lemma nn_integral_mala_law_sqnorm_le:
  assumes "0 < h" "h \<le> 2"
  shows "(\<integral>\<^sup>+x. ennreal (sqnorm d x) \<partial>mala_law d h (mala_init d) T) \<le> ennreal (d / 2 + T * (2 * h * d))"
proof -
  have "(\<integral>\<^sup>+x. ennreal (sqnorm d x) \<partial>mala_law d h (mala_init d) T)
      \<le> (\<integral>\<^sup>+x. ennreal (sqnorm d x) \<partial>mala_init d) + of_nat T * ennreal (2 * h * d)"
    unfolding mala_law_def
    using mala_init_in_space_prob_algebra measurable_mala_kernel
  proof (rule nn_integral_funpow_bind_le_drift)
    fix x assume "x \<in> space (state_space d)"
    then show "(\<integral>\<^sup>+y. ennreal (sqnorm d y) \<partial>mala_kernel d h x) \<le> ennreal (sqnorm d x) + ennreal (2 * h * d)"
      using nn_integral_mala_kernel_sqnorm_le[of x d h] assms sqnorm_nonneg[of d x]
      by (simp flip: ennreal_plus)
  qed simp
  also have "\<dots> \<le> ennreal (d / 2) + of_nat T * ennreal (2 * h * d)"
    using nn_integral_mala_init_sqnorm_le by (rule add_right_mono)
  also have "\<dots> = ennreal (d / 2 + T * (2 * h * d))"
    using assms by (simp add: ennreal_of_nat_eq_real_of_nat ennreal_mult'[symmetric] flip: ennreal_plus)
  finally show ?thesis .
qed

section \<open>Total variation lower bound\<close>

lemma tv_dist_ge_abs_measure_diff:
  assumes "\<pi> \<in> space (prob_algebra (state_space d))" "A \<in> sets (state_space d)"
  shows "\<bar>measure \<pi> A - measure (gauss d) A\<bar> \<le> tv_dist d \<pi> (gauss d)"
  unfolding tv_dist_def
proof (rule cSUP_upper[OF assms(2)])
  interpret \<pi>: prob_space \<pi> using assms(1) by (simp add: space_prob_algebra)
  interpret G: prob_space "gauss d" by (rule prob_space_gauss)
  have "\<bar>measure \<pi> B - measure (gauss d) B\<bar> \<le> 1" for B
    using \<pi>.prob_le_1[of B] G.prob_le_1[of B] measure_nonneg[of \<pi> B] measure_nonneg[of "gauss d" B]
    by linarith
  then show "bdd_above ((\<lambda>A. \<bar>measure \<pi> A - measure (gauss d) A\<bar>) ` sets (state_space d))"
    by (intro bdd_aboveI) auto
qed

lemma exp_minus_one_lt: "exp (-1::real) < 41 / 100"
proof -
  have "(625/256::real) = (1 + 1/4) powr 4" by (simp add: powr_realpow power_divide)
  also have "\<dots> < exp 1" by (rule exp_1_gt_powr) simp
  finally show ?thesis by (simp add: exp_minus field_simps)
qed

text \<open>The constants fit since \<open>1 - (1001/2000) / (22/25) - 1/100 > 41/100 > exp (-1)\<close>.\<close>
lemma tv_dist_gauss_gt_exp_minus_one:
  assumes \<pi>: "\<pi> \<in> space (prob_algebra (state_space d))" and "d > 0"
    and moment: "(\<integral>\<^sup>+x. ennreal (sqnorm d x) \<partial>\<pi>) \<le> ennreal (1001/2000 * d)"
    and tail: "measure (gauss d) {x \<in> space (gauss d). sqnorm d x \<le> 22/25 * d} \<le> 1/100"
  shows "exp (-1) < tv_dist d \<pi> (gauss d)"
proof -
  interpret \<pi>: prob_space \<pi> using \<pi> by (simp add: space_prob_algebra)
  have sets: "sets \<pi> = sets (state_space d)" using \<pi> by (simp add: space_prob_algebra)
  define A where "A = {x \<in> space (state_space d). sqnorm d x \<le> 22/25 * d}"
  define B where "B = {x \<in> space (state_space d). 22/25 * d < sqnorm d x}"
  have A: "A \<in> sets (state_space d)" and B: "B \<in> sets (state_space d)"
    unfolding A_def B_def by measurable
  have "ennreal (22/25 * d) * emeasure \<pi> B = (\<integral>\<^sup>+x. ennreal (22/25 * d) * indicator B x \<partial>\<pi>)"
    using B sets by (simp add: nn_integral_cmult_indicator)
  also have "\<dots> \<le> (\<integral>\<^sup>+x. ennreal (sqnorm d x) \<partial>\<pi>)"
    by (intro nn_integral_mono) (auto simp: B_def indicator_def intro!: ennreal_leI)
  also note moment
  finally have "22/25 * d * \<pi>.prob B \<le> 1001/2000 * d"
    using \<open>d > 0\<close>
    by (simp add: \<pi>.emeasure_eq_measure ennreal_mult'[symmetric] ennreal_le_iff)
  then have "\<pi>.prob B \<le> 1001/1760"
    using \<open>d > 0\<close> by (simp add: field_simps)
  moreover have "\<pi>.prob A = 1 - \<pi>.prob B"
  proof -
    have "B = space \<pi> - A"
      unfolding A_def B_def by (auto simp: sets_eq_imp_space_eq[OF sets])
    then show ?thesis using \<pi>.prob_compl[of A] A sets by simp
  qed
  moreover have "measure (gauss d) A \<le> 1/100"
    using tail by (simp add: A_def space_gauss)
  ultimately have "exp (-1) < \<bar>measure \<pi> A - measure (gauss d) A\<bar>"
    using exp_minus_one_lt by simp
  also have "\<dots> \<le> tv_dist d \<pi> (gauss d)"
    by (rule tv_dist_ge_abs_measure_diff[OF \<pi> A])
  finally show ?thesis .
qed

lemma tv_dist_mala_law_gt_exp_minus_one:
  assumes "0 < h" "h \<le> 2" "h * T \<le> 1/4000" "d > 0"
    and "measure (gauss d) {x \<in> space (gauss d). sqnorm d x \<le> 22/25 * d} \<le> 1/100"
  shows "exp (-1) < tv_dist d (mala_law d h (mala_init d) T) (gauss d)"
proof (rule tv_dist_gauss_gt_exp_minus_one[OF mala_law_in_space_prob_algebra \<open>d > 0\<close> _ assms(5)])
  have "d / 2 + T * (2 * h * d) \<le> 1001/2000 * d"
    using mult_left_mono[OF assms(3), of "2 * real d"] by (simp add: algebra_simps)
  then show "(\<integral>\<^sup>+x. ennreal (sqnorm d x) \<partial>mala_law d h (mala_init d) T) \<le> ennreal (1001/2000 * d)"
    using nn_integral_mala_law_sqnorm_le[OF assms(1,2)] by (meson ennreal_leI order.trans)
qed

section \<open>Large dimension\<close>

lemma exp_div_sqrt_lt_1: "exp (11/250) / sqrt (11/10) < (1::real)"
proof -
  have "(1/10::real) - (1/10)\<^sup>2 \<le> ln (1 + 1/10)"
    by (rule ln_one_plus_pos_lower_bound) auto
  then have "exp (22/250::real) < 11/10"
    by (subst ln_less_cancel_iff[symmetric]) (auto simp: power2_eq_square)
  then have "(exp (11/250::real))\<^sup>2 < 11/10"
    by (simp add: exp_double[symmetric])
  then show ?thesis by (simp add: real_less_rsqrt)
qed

========

> Exercise directions
Once you reach the line that holds "(11/250) / sqrt", print it and every line after it through the end of the records, word for word.

> Completed task
lemma exp_div_sqrt_lt_1: "exp (11/250) / sqrt (11/10) < (1::real)"
proof -
  have "(1/10::real) - (1/10)\<^sup>2 \<le> ln (1 + 1/10)"
    by (rule ln_one_plus_pos_lower_bound) auto
  then have "exp (22/250::real) < 11/10"
    by (subst ln_less_cancel_iff[symmetric]) (auto simp: power2_eq_square)
  then have "(exp (11/250::real))\<^sup>2 < 11/10"
    by (simp add: exp_double[symmetric])
  then show ?thesis by (simp add: real_less_rsqrt)
qed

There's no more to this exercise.